> TASK DIRECTIONS: All lines with the word "shows" in the material below are required.

☆ ☆ ☆ ☆ ☆ ☆ ☆

(* Let $M^2$ be a strongly regular minimal surface of general type in $\mathbb R^4$, parameterized by semi-canonical parameters $(u,v)$, with invariants $\mu,\nu$. Then the function $E\sqrt{|\mu^2-\nu^2|}$ does not depend on $v$, and the function $G\sqrt{|\mu^2-\nu^2|}$ does not depend on $u$.
   Context: $\mathbb R^4$ carries the standard metric $g=\langle\cdot,\cdot\rangle$ and flat connection $\nabla'$; everything is smooth and local. For a regular surface $M^2: z=z(u,v)$ let $E,F,G$ be the first fundamental form coefficients, $\sigma$ the second fundamental form, $K$ the Gauss curvature, and $\varkappa$ the curvature of the normal connection, $\varkappa=g(R^\perp(x,y)n_2,n_1)$ for a positively oriented orthonormal frame $(x,y,n_1,n_2)$ with $x,y$ tangent. Minimal means $\sigma(x,x)+\sigma(y,y)=0$ for orthonormal tangent $x,y$. A minimal surface is of general type if $K^2-\varkappa^2>0$ and $\varkappa\neq0$ everywhere. The ellipse of curvature at $p$ is $\{\sigma(v,v): v\in T_pM^2,\ |v|=1\}$; a tangent line is canonical if it is collinear with an axis of this ellipse. The geometric frame is a positively oriented orthonormal frame $\{x,y,n_1,n_2\}$ with $x,y$ canonical tangent fields and $n_1,n_2$ normal, satisfying $\nabla'_xx=\gamma_1y+\nu n_1$, $\nabla'_xy=-\gamma_1x+\mu n_2$, $\nabla'_yx=-\gamma_2y+\mu n_2$, $\nabla'_yy=\gamma_2x-\nu n_1$, $\nabla'_xn_1=-\nu x+\beta_1n_2$, $\nabla'_yn_1=\nu y+\beta_2n_2$, $\nabla'_xn_2=-\mu y-\beta_1n_1$, $\nabla'_yn_2=-\mu x-\beta_2n_1$, with $\mu>0$, $\nu\ne0$, $\mu^2\ne\nu^2$; the functions $\nu,\mu,\gamma_1,\gamma_2,\beta_1,\beta_2$ are the invariants of $M^2$. Parameters $(u,v)$ are semi-canonical if the parametric lines are integral curves of the canonical tangents, with $F=0$, $x=z_u/\sqrt E$, $y=z_v/\sqrt G$; then $\gamma_1=-y(\ln\sqrt E)$, $\gamma_2=-x(\ln\sqrt G)$. A minimal surface of general type is strongly regular if $\gamma_1\gamma_2\neq0$ everywhere. *)

theory Defs
  imports "HOL-Analysis.Analysis"
begin

fun Ck_on :: "nat \<Rightarrow> (real \<times> real) set \<Rightarrow> (real \<times> real \<Rightarrow> 'a::real_normed_vector) \<Rightarrow> bool" where
  "Ck_on 0 U f = continuous_on U f"
| "Ck_on (Suc k) U f =
     (\<exists>fu fv. (\<forall>p\<in>U. (f has_derivative (\<lambda>h. fst h *\<^sub>R fu p + snd h *\<^sub>R fv p)) (at p))
              \<and> Ck_on k U fu \<and> Ck_on k U fv)"

definition smooth_on2 :: "(real \<times> real) set \<Rightarrow> (real \<times> real \<Rightarrow> 'a::real_normed_vector) \<Rightarrow> bool" where
  "smooth_on2 U f \<longleftrightarrow> (\<forall>k. Ck_on k U f)"

definition pu :: "(real \<times> real \<Rightarrow> 'a::real_normed_vector) \<Rightarrow> real \<times> real \<Rightarrow> 'a" where
  "pu f p = vector_derivative (\<lambda>t. f (t, snd p)) (at (fst p))"

definition pv :: "(real \<times> real \<Rightarrow> 'a::real_normed_vector) \<Rightarrow> real \<times> real \<Rightarrow> 'a" where
  "pv f p = vector_derivative (\<lambda>t. f (fst p, t)) (at (snd p))"

definition fundE :: "(real \<times> real \<Rightarrow> real^4) \<Rightarrow> real \<times> real \<Rightarrow> real" where
  "fundE z p = pu z p \<bullet> pu z p"
definition fundF :: "(real \<times> real \<Rightarrow> real^4) \<Rightarrow> real \<times> real \<Rightarrow> real" where
  "fundF z p = pu z p \<bullet> pv z p"
definition fundG :: "(real \<times> real \<Rightarrow> real^4) \<Rightarrow> real \<times> real \<Rightarrow> real" where
  "fundG z p = pv z p \<bullet> pv z p"

definition pos_orthonormal :: "real^4 \<Rightarrow> real^4 \<Rightarrow> real^4 \<Rightarrow> real^4 \<Rightarrow> bool" where
  "pos_orthonormal a b c d \<longleftrightarrow>
     (let L = [a, b, c, d] in
       (\<forall>i<4. \<forall>j<4. (L!i) \<bullet> (L!j) = (if i = j then 1 else 0)))
     \<and> det (vector [a, b, c, d] :: real^4^4) > 0"

text \<open>Here \<nabla>'_x X = (\<partial>_u X)/sqrt E and \<nabla>'_y X = (\<partial>_v X)/sqrt G, since x = z_u/sqrt E, y = z_v/sqrt G.\<close>
definition semicanonical_geometric_frame ::
  "(real \<times> real) set \<Rightarrow> (real \<times> real \<Rightarrow> real^4) \<Rightarrow>
   (real \<times> real \<Rightarrow> real^4) \<Rightarrow> (real \<times> real \<Rightarrow> real^4) \<Rightarrow> (real \<times> real \<Rightarrow> real^4) \<Rightarrow> (real \<times> real \<Rightarrow> real^4) \<Rightarrow>
   (real \<times> real \<Rightarrow> real) \<Rightarrow> (real \<times> real \<Rightarrow> real) \<Rightarrow> (real \<times> real \<Rightarrow> real) \<Rightarrow>
   (real \<times> real \<Rightarrow> real) \<Rightarrow> (real \<times> real \<Rightarrow> real) \<Rightarrow> (real \<times> real \<Rightarrow> real) \<Rightarrow> bool" where
  "semicanonical_geometric_frame U z x y n1 n2 \<nu> \<mu> \<gamma>1 \<gamma>2 \<beta>1 \<beta>2 \<longleftrightarrow>
     open U \<and> smooth_on2 U z \<and> smooth_on2 U n1 \<and> smooth_on2 U n2 \<and>
     smooth_on2 U \<nu> \<and> smooth_on2 U \<mu> \<and> smooth_on2 U \<gamma>1 \<and> smooth_on2 U \<gamma>2 \<and>
     smooth_on2 U \<beta>1 \<and> smooth_on2 U \<beta>2 \<and>
     (\<forall>p\<in>U.
        fundE z p > 0 \<and> fundG z p > 0 \<and> fundF z p = 0 \<and>
        x p = (1 / sqrt (fundE z p)) *\<^sub>R pu z p \<and>
        y p = (1 / sqrt (fundG z p)) *\<^sub>R pv z p \<and>
        pos_orthonormal (x p) (y p) (n1 p) (n2 p) \<and>
        \<mu> p > 0 \<and> \<nu> p \<noteq> 0 \<and> (\<mu> p)\<^sup>2 \<noteq> (\<nu> p)\<^sup>2 \<and>
        (1 / sqrt (fundE z p)) *\<^sub>R pu x p = \<gamma>1 p *\<^sub>R y p + \<nu> p *\<^sub>R n1 p \<and>
        (1 / sqrt (fundE z p)) *\<^sub>R pu y p = - \<gamma>1 p *\<^sub>R x p + \<mu> p *\<^sub>R n2 p \<and>
        (1 / sqrt (fundG z p)) *\<^sub>R pv x p = - \<gamma>2 p *\<^sub>R y p + \<mu> p *\<^sub>R n2 p \<and>
        (1 / sqrt (fundG z p)) *\<^sub>R pv y p = \<gamma>2 p *\<^sub>R x p - \<nu> p *\<^sub>R n1 p \<and>
        (1 / sqrt (fundE z p)) *\<^sub>R pu n1 p = - \<nu> p *\<^sub>R x p + \<beta>1 p *\<^sub>R n2 p \<and>
        (1 / sqrt (fundG z p)) *\<^sub>R pv n1 p = \<nu> p *\<^sub>R y p + \<beta>2 p *\<^sub>R n2 p \<and>
        (1 / sqrt (fundE z p)) *\<^sub>R pu n2 p = - \<mu> p *\<^sub>R y p - \<beta>1 p *\<^sub>R n1 p \<and>
        (1 / sqrt (fundG z p)) *\<^sub>R pv n2 p = - \<mu> p *\<^sub>R x p - \<beta>2 p *\<^sub>R n1 p)"

end

theory Submission
  imports Defs
begin

text \<open>
  Write L = z_uu . n1, M = z_uv . n2.  The Weingarten formulas of the geometric frame give
  L = E nu and M = sqrt(EG) mu, so the quantity  E M^2 / G - L^2  equals E^2 (mu^2 - nu^2).
  Differentiating it in v and using the Codazzi-type identities (from the symmetry of the third
  derivatives of z) shows that it is constant along the v-lines; since mu^2 \<noteq> nu^2 it does not
  vanish, and E sqrt|mu^2 - nu^2| is the square root of its modulus.  The u-statement follows by
  exchanging the roles of u and v.
\<close>

abbreviation partials_at ::
  "(real \<times> real \<Rightarrow> 'a::real_normed_vector) \<Rightarrow> 'a \<Rightarrow> 'a \<Rightarrow> real \<times> real \<Rightarrow> bool" where
  "partials_at f fu fv p \<equiv> (f has_derivative (\<lambda>h. fst h *\<^sub>R fu + snd h *\<^sub>R fv)) (at p)"

lemma partials_at_u_line:
  assumes "partials_at f fu fv (s, c)"
  shows "((\<lambda>t. f (t, c)) has_vector_derivative fu) (at s)"
proof -
  have "((\<lambda>t. (t, c)) has_derivative (\<lambda>h. (h, 0))) (at s)"
    by (auto intro!: derivative_eq_intros)
  from has_derivative_compose[OF this assms]
  show ?thesis unfolding has_vector_derivative_def by simp
qed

☆ ☆ ☆ ☆ ☆ ☆ ☆

> WRITTEN ANSWER:
  derivatives of z) shows that it is constant along the v-lines; since mu^2 \<noteq> nu^2 it does not
  shows "((\<lambda>t. f (t, c)) has_vector_derivative fu) (at s)"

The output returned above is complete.